WHAT THE EXERCISE ASKS: What you return must be the lines of the data that hold the word "itself".
START DATASET EXTRACT
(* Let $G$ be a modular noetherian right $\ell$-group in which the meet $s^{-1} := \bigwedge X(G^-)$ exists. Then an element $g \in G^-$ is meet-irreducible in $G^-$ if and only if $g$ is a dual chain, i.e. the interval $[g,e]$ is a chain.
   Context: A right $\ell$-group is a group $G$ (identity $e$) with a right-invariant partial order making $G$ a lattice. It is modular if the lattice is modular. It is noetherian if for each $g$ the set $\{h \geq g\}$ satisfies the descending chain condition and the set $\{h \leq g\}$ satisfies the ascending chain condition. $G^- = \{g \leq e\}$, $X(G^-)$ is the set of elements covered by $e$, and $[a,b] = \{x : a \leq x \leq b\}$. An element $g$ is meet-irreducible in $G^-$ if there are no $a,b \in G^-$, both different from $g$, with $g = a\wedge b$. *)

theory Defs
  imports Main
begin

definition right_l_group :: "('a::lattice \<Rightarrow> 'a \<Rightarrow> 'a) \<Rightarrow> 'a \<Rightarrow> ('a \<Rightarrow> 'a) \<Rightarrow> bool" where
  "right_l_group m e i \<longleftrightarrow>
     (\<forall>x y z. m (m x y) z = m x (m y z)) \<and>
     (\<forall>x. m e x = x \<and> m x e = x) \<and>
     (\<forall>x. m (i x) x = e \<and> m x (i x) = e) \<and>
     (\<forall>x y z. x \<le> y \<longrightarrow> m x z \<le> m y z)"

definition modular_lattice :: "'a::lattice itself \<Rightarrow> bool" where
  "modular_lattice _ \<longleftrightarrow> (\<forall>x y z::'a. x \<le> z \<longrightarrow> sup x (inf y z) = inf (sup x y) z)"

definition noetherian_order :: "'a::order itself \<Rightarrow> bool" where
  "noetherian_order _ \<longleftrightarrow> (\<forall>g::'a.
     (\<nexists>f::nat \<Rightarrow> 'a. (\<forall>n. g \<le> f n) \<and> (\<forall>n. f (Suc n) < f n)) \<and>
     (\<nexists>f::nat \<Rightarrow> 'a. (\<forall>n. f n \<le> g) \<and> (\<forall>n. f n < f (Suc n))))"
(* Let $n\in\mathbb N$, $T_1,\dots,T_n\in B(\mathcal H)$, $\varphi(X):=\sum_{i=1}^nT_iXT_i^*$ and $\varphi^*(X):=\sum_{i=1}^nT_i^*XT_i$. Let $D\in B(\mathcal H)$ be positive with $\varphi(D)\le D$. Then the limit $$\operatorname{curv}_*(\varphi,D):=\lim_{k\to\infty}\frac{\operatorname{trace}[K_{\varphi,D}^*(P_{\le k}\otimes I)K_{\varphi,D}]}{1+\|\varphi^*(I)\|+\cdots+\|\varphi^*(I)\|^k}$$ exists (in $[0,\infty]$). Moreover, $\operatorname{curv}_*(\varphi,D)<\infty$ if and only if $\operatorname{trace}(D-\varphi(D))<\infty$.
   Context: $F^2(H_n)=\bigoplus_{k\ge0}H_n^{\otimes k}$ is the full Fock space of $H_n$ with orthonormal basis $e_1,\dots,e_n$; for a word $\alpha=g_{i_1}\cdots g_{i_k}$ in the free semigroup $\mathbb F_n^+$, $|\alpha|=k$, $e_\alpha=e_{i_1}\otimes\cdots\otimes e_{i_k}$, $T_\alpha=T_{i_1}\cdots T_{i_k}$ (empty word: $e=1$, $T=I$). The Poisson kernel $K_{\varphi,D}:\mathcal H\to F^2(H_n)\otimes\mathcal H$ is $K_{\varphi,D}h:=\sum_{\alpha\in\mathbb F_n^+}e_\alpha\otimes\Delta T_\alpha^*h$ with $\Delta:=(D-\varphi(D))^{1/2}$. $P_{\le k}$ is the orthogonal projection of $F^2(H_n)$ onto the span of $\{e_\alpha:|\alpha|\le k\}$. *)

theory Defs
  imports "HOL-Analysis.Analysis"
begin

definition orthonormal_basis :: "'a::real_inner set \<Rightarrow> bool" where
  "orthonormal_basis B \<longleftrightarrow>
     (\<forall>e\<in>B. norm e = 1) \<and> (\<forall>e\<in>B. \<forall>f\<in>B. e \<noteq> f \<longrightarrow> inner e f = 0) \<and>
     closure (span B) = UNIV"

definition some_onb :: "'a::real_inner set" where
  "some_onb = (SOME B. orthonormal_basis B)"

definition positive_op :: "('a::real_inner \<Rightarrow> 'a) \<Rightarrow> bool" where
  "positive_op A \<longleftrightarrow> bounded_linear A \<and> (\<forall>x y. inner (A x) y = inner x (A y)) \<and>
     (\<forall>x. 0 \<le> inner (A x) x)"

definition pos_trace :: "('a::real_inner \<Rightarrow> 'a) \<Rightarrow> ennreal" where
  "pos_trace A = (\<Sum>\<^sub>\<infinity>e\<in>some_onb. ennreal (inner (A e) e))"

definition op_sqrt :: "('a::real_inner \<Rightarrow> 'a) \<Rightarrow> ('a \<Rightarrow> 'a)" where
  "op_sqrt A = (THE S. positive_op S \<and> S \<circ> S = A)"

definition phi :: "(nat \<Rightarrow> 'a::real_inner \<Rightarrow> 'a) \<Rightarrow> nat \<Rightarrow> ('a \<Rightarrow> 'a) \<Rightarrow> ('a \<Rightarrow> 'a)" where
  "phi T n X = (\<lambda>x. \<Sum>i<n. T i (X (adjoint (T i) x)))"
END DATASET EXTRACT
REPLY TO THE TASK:
definition modular_lattice :: "'a::lattice itself \<Rightarrow> bool" where
definition noetherian_order :: "'a::order itself \<Rightarrow> bool" where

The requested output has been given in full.